Stored data entries
+ + + + + + +
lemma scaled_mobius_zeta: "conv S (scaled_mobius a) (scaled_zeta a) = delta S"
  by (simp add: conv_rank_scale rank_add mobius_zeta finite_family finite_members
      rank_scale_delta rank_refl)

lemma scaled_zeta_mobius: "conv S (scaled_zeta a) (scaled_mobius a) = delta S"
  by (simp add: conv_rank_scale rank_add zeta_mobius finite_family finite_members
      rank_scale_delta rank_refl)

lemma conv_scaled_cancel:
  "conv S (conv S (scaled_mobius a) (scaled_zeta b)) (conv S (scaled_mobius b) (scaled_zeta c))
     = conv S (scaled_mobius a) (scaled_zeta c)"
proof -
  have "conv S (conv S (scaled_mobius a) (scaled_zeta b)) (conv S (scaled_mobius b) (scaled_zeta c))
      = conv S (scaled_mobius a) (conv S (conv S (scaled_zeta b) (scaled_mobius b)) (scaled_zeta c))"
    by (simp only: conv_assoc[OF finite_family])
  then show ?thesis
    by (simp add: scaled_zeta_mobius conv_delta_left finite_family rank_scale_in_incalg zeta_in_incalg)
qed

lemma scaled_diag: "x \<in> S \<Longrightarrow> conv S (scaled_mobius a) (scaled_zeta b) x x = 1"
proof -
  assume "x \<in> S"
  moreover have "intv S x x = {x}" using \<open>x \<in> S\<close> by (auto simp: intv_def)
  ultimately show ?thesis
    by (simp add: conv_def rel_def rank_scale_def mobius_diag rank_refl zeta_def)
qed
+ + + + + + +
▶ **YOUR OBJECTIVE**
Pull every line holding "lemma" out of the records.

▶ **RESULT BELOW**
lemma scaled_mobius_zeta: "conv S (scaled_mobius a) (scaled_zeta a) = delta S"
lemma scaled_zeta_mobius: "conv S (scaled_zeta a) (scaled_mobius a) = delta S"
lemma conv_scaled_cancel:
lemma scaled_diag: "x \<in> S \<Longrightarrow> conv S (scaled_mobius a) (scaled_zeta b) x x = 1"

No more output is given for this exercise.